Collected data:

________________________

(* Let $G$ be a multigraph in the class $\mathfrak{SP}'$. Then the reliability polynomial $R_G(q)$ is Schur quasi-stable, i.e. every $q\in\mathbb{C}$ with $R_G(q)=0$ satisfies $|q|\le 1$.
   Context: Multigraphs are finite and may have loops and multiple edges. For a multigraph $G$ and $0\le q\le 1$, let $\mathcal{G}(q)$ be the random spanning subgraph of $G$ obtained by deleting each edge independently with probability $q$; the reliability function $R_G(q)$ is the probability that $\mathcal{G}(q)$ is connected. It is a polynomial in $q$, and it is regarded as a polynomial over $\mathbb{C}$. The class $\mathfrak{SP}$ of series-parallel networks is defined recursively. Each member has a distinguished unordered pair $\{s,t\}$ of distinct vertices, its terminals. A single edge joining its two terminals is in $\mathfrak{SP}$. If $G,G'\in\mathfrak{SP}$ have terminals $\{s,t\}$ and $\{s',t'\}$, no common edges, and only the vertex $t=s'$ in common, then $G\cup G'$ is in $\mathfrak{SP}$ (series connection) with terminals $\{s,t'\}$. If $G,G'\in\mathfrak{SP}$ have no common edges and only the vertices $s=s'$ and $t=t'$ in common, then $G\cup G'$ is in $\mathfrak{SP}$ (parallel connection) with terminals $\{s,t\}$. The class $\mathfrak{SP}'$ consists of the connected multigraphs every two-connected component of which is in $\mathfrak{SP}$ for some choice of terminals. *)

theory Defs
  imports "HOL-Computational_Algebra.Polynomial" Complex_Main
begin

________________________

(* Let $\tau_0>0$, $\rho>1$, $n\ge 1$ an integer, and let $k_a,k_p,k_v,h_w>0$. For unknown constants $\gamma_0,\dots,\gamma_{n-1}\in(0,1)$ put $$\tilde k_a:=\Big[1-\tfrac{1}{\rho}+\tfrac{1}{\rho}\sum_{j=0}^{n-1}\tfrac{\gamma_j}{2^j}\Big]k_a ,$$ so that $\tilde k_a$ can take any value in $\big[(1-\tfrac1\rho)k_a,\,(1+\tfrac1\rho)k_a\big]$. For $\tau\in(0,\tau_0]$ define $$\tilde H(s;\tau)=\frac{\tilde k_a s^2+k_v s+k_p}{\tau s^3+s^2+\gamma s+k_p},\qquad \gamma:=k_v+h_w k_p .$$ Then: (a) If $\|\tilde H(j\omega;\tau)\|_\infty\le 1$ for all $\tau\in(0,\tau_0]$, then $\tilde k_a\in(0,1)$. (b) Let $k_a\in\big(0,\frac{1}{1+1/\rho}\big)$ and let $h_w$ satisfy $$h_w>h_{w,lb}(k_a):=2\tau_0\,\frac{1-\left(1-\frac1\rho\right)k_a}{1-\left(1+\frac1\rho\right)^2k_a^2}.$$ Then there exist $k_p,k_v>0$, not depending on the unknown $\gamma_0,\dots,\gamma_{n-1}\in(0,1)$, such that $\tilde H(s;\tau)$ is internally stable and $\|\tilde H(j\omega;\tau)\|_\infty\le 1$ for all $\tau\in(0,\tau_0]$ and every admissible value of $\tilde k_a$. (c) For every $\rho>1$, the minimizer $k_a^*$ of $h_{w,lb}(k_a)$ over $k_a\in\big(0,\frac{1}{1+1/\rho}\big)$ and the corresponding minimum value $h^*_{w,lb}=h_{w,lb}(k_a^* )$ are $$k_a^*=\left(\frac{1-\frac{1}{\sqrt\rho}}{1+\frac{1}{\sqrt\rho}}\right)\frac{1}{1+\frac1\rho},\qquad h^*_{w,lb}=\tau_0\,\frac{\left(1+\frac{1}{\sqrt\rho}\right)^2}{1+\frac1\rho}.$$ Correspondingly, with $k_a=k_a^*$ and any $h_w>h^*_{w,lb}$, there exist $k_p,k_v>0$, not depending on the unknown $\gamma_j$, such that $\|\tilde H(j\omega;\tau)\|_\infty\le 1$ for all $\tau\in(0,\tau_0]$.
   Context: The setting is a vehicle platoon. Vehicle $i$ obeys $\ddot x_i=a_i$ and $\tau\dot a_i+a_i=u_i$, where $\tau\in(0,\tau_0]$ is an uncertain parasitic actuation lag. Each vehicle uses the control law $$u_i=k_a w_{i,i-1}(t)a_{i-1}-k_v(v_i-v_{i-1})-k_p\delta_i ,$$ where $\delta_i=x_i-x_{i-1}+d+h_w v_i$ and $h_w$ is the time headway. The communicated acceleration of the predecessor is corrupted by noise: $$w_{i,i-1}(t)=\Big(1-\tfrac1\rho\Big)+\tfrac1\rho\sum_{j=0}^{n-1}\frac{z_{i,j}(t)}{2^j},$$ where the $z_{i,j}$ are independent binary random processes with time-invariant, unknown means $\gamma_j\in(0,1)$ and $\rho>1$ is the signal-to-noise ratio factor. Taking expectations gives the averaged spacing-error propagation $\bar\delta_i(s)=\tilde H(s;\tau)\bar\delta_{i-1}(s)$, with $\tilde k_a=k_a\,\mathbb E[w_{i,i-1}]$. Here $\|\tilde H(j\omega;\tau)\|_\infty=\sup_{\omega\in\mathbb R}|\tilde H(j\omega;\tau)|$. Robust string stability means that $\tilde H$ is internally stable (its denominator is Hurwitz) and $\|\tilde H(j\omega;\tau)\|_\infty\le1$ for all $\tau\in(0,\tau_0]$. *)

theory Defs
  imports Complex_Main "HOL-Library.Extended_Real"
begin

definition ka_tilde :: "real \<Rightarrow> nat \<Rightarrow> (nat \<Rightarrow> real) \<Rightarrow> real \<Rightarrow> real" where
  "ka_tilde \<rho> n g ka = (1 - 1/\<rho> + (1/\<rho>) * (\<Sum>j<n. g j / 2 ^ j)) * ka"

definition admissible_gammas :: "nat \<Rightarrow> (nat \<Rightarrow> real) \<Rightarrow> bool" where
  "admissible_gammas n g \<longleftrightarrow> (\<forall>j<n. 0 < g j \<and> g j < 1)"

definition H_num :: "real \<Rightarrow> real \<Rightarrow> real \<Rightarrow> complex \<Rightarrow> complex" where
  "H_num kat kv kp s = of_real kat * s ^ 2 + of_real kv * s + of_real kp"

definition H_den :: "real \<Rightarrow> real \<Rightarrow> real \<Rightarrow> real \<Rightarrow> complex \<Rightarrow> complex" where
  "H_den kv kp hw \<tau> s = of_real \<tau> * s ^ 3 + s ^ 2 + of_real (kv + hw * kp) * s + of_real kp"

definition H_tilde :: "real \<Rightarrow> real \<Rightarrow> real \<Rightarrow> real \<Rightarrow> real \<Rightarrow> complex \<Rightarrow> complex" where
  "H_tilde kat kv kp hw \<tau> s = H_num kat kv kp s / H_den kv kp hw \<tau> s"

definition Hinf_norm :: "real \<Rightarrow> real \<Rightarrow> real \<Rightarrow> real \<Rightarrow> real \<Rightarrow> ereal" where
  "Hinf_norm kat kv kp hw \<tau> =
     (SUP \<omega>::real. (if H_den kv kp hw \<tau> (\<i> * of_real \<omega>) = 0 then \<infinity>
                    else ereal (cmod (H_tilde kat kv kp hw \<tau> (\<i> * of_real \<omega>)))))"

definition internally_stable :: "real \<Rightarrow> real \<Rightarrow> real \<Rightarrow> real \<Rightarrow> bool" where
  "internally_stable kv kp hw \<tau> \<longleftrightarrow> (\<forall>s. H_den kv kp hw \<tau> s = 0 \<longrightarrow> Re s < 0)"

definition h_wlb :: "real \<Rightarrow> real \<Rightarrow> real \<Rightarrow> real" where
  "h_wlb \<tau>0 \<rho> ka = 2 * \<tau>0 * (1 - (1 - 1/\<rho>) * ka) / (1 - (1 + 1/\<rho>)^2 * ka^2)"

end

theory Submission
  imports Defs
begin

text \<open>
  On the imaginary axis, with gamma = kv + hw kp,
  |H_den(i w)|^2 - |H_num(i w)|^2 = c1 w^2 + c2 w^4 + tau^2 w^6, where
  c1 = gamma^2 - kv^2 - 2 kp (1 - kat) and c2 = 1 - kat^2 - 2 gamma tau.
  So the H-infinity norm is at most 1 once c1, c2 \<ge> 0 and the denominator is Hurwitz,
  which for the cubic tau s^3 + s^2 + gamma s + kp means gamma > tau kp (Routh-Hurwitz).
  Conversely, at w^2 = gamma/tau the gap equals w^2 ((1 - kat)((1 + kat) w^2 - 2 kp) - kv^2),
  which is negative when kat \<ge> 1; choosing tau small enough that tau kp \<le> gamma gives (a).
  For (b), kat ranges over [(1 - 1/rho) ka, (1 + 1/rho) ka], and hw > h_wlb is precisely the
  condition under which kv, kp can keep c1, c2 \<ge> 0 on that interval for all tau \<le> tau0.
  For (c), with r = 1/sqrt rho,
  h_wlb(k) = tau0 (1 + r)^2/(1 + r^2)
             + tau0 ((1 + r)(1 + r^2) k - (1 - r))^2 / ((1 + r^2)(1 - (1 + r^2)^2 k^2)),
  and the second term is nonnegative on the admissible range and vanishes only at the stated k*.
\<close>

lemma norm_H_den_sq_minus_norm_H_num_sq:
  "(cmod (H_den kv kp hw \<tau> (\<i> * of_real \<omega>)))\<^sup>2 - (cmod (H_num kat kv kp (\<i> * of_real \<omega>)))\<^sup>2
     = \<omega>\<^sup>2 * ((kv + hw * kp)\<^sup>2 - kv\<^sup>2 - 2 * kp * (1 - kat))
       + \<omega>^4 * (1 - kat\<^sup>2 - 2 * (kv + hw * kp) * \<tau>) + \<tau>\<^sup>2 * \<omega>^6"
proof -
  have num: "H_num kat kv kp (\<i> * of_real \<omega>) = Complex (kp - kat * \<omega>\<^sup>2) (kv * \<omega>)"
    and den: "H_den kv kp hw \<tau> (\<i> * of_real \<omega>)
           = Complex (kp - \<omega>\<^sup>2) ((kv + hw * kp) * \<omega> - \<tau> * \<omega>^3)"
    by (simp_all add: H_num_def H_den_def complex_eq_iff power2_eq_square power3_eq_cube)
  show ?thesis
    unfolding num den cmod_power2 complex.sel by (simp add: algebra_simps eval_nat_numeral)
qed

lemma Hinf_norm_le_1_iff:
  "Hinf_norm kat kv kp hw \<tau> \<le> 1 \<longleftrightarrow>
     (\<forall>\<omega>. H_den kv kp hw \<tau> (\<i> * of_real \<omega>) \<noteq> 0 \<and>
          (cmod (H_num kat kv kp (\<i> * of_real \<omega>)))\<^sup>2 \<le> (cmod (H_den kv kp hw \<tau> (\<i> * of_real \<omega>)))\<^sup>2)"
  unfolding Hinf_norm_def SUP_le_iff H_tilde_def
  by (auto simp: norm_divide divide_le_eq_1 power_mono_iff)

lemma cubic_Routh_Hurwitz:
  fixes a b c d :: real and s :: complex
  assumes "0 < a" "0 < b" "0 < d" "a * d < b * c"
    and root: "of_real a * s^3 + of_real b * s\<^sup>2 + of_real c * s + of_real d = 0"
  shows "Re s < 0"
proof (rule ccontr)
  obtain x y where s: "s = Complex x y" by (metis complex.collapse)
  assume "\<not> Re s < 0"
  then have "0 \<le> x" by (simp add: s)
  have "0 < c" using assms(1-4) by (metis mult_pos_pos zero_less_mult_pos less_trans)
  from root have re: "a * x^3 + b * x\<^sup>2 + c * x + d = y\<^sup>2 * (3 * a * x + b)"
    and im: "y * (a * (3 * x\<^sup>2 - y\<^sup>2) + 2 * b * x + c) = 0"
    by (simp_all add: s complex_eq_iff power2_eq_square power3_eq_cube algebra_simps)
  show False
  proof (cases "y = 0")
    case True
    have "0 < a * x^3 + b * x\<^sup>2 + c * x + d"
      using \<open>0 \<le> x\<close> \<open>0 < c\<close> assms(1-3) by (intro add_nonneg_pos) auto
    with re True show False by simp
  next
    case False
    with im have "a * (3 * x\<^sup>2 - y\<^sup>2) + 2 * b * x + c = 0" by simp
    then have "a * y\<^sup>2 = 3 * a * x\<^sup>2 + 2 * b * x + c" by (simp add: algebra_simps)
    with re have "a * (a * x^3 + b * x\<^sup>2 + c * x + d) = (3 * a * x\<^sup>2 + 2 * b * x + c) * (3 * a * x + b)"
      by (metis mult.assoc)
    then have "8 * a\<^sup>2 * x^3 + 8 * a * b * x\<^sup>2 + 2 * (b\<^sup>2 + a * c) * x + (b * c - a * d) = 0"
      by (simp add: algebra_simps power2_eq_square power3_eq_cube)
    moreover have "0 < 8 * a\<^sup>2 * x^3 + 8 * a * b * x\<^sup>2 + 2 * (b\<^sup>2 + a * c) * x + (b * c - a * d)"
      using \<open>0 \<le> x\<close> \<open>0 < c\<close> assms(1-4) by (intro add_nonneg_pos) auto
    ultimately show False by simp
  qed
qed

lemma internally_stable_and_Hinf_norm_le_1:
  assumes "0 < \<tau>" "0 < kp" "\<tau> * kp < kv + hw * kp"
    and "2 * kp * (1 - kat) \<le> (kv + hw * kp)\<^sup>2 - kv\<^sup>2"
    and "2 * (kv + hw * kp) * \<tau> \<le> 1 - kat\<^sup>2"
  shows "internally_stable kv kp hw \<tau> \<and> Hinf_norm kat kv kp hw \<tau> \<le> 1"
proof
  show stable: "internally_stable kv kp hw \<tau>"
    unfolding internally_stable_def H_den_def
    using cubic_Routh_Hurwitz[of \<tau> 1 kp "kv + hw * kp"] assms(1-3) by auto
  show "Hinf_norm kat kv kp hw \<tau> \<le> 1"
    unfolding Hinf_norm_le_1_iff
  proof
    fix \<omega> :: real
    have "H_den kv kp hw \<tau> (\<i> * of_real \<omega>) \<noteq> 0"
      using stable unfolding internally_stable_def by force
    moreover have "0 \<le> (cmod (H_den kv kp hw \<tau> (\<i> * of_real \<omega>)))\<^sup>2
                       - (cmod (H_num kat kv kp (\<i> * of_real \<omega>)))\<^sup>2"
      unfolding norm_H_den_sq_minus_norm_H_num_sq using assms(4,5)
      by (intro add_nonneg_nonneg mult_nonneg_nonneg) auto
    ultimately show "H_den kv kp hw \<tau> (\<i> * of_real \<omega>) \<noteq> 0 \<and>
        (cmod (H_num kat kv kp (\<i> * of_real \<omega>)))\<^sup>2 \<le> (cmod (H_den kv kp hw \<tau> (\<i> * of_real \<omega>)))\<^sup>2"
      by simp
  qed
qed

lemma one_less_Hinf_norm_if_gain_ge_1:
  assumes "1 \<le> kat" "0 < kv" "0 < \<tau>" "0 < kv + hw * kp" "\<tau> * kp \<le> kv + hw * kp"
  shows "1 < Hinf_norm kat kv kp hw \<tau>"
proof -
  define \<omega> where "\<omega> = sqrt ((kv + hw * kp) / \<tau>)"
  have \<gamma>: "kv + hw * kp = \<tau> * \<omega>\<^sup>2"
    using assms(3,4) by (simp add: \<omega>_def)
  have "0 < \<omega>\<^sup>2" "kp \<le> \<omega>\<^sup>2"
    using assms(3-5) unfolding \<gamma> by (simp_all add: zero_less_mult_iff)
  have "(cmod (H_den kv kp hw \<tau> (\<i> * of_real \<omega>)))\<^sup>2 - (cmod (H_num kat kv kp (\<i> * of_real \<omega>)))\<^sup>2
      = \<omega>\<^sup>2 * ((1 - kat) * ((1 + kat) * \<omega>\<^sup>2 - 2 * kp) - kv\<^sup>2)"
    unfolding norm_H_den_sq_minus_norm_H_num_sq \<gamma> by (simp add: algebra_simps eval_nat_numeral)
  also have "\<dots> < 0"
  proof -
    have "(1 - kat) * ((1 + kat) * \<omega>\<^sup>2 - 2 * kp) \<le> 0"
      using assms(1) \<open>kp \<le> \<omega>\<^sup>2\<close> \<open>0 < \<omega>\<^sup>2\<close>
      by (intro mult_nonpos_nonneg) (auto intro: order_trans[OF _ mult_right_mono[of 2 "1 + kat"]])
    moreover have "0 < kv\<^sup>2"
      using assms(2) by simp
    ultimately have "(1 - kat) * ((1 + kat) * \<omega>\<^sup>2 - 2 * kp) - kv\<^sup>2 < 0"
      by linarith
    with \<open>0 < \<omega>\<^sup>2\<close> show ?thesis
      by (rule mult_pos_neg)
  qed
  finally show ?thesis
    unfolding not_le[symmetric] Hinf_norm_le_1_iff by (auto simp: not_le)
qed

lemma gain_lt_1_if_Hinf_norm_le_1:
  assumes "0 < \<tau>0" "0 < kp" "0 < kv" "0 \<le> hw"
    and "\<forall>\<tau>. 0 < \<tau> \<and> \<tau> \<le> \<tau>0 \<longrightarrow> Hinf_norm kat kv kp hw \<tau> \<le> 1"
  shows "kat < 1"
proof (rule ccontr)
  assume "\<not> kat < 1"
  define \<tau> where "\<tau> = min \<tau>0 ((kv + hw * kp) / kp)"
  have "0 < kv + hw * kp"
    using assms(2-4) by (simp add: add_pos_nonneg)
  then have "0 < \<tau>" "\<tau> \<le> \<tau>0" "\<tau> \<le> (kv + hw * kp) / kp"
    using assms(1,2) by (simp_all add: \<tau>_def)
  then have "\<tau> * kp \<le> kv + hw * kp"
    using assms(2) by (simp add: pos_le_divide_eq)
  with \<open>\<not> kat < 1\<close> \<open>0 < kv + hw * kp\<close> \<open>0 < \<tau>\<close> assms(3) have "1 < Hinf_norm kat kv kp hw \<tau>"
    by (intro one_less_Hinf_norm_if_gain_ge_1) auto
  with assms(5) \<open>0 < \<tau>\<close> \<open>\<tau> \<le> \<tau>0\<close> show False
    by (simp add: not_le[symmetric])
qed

________________________

Your task
Return only the number of lines in the data above that hold the word "proof".

Answer below
8